[TASK TO CARRY OUT]: Transcribe exactly the line in which "pmf) \<Rightarrow> (nat" occurs, plus every line that comes after it up to the end of the entries.
##############################
definition assumption_A1 ::
  "('c::finite \<Rightarrow> 's::finite set) \<Rightarrow> ('c \<Rightarrow> 's \<Rightarrow> 'a::finite set) \<Rightarrow> ('c \<Rightarrow> real) \<Rightarrow>
   ('c \<Rightarrow> 's \<Rightarrow> 'a \<Rightarrow> ('c \<Rightarrow> 's \<Rightarrow> 'a \<Rightarrow> real) \<Rightarrow> real) \<Rightarrow> bool" where
  "assumption_A1 S A m r \<longleftrightarrow>
    (\<forall>c. \<forall>s\<in>S c. \<forall>a\<in>Acl S A c.
       \<exists>(g :: real ^ ('c \<times> 's \<times> 'a) \<Rightarrow> real) g'.
         (\<forall>\<nu>\<in>XSA S A m. g (vecSA \<nu>) = r c s a \<nu>) \<and>
         (\<forall>\<nu>\<in>XSA S A m. (g has_derivative (\<lambda>h. g' (vecSA \<nu>) \<bullet> h))
                            (at (vecSA \<nu>) within {x. \<forall>k. 0 \<le> x $ k})) \<and>
         continuous_on (vecSA ` XSA S A m) g')"

definition Fval ::
  "('c \<Rightarrow> 's set) \<Rightarrow> ('c \<Rightarrow> 's \<Rightarrow> 'a set) \<Rightarrow> ('c \<Rightarrow> 's \<Rightarrow> 'a \<Rightarrow> 's pmf) \<Rightarrow> ('c \<Rightarrow> real) \<Rightarrow>
   ('c \<Rightarrow> 's \<Rightarrow> 'a \<Rightarrow> ('c \<Rightarrow> 's \<Rightarrow> 'a \<Rightarrow> real) \<Rightarrow> real) \<Rightarrow> 'c \<Rightarrow> ('s \<Rightarrow> 'a) \<Rightarrow>
   ('c \<Rightarrow> 's \<Rightarrow> ('s \<Rightarrow> 'a) \<Rightarrow> real) \<Rightarrow> real" where
  "Fval S A phi lam r c u \<mu> =
     (\<Sum>s\<in>S c. \<Sum>a\<in>A c s. eta S phi lam c u s * (if a = u s then 1 else 0) * r c s a (muSA S A \<mu>))"

definition MSNE ::
  "('c \<Rightarrow> 's set) \<Rightarrow> ('c \<Rightarrow> 's \<Rightarrow> 'a set) \<Rightarrow> ('c \<Rightarrow> 's \<Rightarrow> 'a \<Rightarrow> 's pmf) \<Rightarrow> ('c \<Rightarrow> real) \<Rightarrow> ('c \<Rightarrow> real) \<Rightarrow>
   ('c \<Rightarrow> 's \<Rightarrow> 'a \<Rightarrow> ('c \<Rightarrow> 's \<Rightarrow> 'a \<Rightarrow> real) \<Rightarrow> real) \<Rightarrow> ('c \<Rightarrow> 's \<Rightarrow> ('s \<Rightarrow> 'a) \<Rightarrow> real) \<Rightarrow> bool" where
  "MSNE S A phi lam m r \<mu> \<longleftrightarrow> \<mu> \<in> Xset S A m \<and>
     (\<forall>c. \<forall>u\<in>UD S A c.
        (0 < mass S \<mu> c u \<longrightarrow> (\<forall>v\<in>UD S A c. Fval S A phi lam r c u \<mu> \<ge> Fval S A phi lam r c v \<mu>)) \<and>
        (\<forall>s\<in>S c. \<mu> c s u = eta S phi lam c u s * mass S \<mu> c u))"

section \<open>N-player game (players 0..<N, class map cl, policy profile p)\<close>

definition emp :: "nat \<Rightarrow> (nat \<Rightarrow> 'c) \<Rightarrow> (nat \<Rightarrow> 's \<Rightarrow> 'a) \<Rightarrow> (nat \<Rightarrow> 's) \<Rightarrow> 'c \<Rightarrow> 's \<Rightarrow> 'a \<Rightarrow> real" where
  "emp N cl p x c s a = real (card {j. j < N \<and> cl j = c \<and> x j = s \<and> p j (x j) = a}) / real N"

text \<open>Superposition of the independent Poisson clocks: the next ringing clock belongs to
  player j with probability lam(c^j) / sum_l lam(c^l).\<close>
definition sel :: "nat \<Rightarrow> (nat \<Rightarrow> 'c) \<Rightarrow> ('c \<Rightarrow> real) \<Rightarrow> nat pmf" where
  "sel N cl lam = embed_pmf (\<lambda>j. if j < N then lam (cl j) / (\<Sum>l<N. lam (cl l)) else 0)"

text \<open>One step of the embedded jump chain; the second component counts the rings of player i.\<close>
definition kstep ::
  "nat \<Rightarrow> (nat \<Rightarrow> 'c) \<Rightarrow> ('c \<Rightarrow> real) \<Rightarrow> ('c \<Rightarrow> 's \<Rightarrow> 'a \<Rightarrow> 's pmf) \<Rightarrow> (nat \<Rightarrow> 's \<Rightarrow> 'a) \<Rightarrow> nat \<Rightarrow>
   (nat \<Rightarrow> 's) \<times> nat \<Rightarrow> ((nat \<Rightarrow> 's) \<times> nat) pmf" where
  "kstep N cl lam phi p i xk =
     bind_pmf (sel N cl lam) (\<lambda>j.
       map_pmf (\<lambda>s'. ((fst xk)(j := s'), if j = i then Suc (snd xk) else snd xk))
               (phi (cl j) (fst xk j) (p j (fst xk j))))"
##############################
[SOLUTION TO THIS EXERCISE]:
  "nat \<Rightarrow> (nat \<Rightarrow> 'c) \<Rightarrow> ('c \<Rightarrow> real) \<Rightarrow> ('c \<Rightarrow> 's \<Rightarrow> 'a \<Rightarrow> 's pmf) \<Rightarrow> (nat \<Rightarrow> 's \<Rightarrow> 'a) \<Rightarrow> nat \<Rightarrow>
   (nat \<Rightarrow> 's) \<times> nat \<Rightarrow> ((nat \<Rightarrow> 's) \<times> nat) pmf" where
  "kstep N cl lam phi p i xk =
     bind_pmf (sel N cl lam) (\<lambda>j.
       map_pmf (\<lambda>s'. ((fst xk)(j := s'), if j = i then Suc (snd xk) else snd xk))
               (phi (cl j) (fst xk j) (p j (fst xk j))))"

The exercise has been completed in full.